Fig. 3: TCAD model predicted electrical characteristics of the MIS junction under different gas atmospheres.
figure 3

a In air state. b In hydrogen-containing gas state. The panels from top to bottom represents: energy band diagram along with the electron profiles across the MIS junctions (first row), distributions of electric field (second row) and potential (third row), and schematic of the space and dipole charge distribution near the MIS junction

A comprehensive comparison of the experimental and theoretical results of the dark/light IV characteristics under air and H2 states is presented in Fig. 4a, b. From the measured light IV curves, it was found that the scaling of the photocurrent verse light intensity is almost linear for both gas atmospheres. Based upon the above theoretical model, the simulation calculations are in good consistence with the experimental results. In particular, as demonstrated in the bottom plot of Fig. 4b, the kink effects at small voltages can be fully captured by introducing an additional dipole charge layer in the models, thus confirming the validity of the proposed mechanism on the hydrogen-mediated abnormal photoelectric behaviors. It should be also noted that, under different bias voltages, the impacts of hydrogen molecule on the light IV curves are quite different. Under zero or positive bias voltages, the photocurrent response of the MIS junction observed in the hydrogen state is completely suppressed.

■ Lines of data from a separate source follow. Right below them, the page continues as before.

lemma total_sum_scaled_kernel_attains_min:
  fixes K :: "real^'n^'n"
  assumes K_pos: "\<forall>i j. K $ i $ j > 0"
  shows "\<exists>u. \<forall>v. total_sum (scaled_kernel K u) \<le> total_sum (scaled_kernel K v)"
proof -
  define F where "F v = total_sum (scaled_kernel K v)" for v
  define R where "R = (\<Sum>i\<in>UNIV. \<Sum>j\<in>UNIV. \<bar>ln (F 0 / K $ i $ j)\<bar>)"
  have sublevel_bound: "v $ i - v $ j \<le> R" if "F v \<le> F 0" for v i j
  proof -
    have "K $ i $ j * exp (v $ i - v $ j) \<le> F v"
      unfolding F_def using entry_le_total_sum[of "scaled_kernel K v" i j] K_pos
      by (simp add: scaled_kernel_def less_imp_le)
    then have "exp (v $ i - v $ j) \<le> F 0 / K $ i $ j"
      using that K_pos by (simp add: field_simps mult.commute)
    then have "v $ i - v $ j \<le> ln (F 0 / K $ i $ j)"
      by (metis exp_gt_zero ln_exp ln_le_cancel_iff order_less_le_trans)
    also have "\<dots> \<le> R"
      unfolding R_def using entry_le_total_sum[of "\<chi> i j. \<bar>ln (F 0 / K $ i $ j)\<bar>" i j]
      by (simp add: total_sum_def)
    finally show ?thesis .
  qed
  define T where "T = cbox (- (\<chi> i. R)) (\<chi> i. R :: real^'n)"
  have "0 \<in> T" unfolding T_def mem_box_cart using sublevel_bound[of 0] by force
  moreover have "continuous_on T F"
    unfolding F_def total_sum_def scaled_kernel_def by (intro continuous_intros)
  ultimately obtain u where "u \<in> T" and u_min: "\<forall>v\<in>T. F u \<le> F v"
    using continuous_attains_inf[of T F] unfolding T_def by auto
  have "F u \<le> F v" for v
  proof (cases "F v \<le> F 0")
    case False
    then show ?thesis using u_min \<open>0 \<in> T\<close> by force
  next
    case True
    \<comment> \<open>F is invariant under constant shifts of the potentials, so v may be moved into T.\<close>
    define v' where "v' = (\<chi> i. v $ i - v $ (undefined :: 'n))"
    have "F v' = F v" unfolding F_def v'_def scaled_kernel_def by simp
    moreover have "v' \<in> T"
      unfolding T_def mem_box_cart v'_def
      using sublevel_bound[OF True, of undefined] sublevel_bound[OF True, of _ undefined]
      by (simp add: abs_le_iff) (smt (verit))
    ultimately show ?thesis using u_min by metis
  qed
  then show ?thesis unfolding F_def by blast
qed

lemma total_sum_scaled_kernel_min_balanced:
  fixes K :: "real^'n^'n" and u :: "real^'n"
  assumes u_min: "\<forall>v. total_sum (scaled_kernel K u) \<le> total_sum (scaled_kernel K v)"
  shows "balanced (scaled_kernel K u)"
  unfolding balanced_def
proof
  fix k :: 'n
  define B where "B = scaled_kernel K u"
  define d where "d i = (if i = k then 1 else 0 :: real)" for i
  define g where "g t = (\<Sum>i\<in>UNIV. \<Sum>j\<in>UNIV. B $ i $ j * exp (t * (d i - d j)))" for t
  have g_eq: "g t = total_sum (scaled_kernel K (u + t *\<^sub>R (\<chi> i. d i)))" for t
    unfolding g_def B_def total_sum_def scaled_kernel_def
    by (intro sum.cong refl) (simp add: algebra_simps flip: exp_add)
  have "(g has_real_derivative (\<Sum>i\<in>UNIV. \<Sum>j\<in>UNIV. B $ i $ j * (d i - d j))) (at 0)"
    unfolding g_def by (auto intro!: derivative_eq_intros sum.cong)
  moreover have "g 0 \<le> g t" for t
    using u_min by (simp add: g_eq)
  ultimately have "(\<Sum>i\<in>UNIV. \<Sum>j\<in>UNIV. B $ i $ j * (d i - d j)) = 0"
    by (intro DERIV_local_min[of g _ 0 1]) auto
  moreover have "(\<Sum>i\<in>UNIV. \<Sum>j\<in>UNIV. B $ i $ j * (d i - d j)) = row_sum B k - col_sum B k"
    by (simp add: d_def row_sum_def col_sum_def right_diff_distrib sum_subtractf
        if_distrib[of "\<lambda>a. _ * a"] sum.swap[of _ UNIV UNIV] cong: if_cong)
  ultimately show "row_sum B k = col_sum B k" by simp
qed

In contrast, the photocurrent of the hydrogen state at a small reverse bias is only partially eliminated and it becomes comparable to that of the inert air state for large reverse bias voltages (Vb < −0.6 V). To understand these findings, the corresponding energy band diagrams for three typical biasing conditions were plotted in the insert. When applying a reverse external voltage to the MIS junction, the dipole-induced blocking field within the oxide layer can be canceled accordingly with the raise of the metal’s Fermi level, therefore leading to an increased tunneling possibility of hot electrons.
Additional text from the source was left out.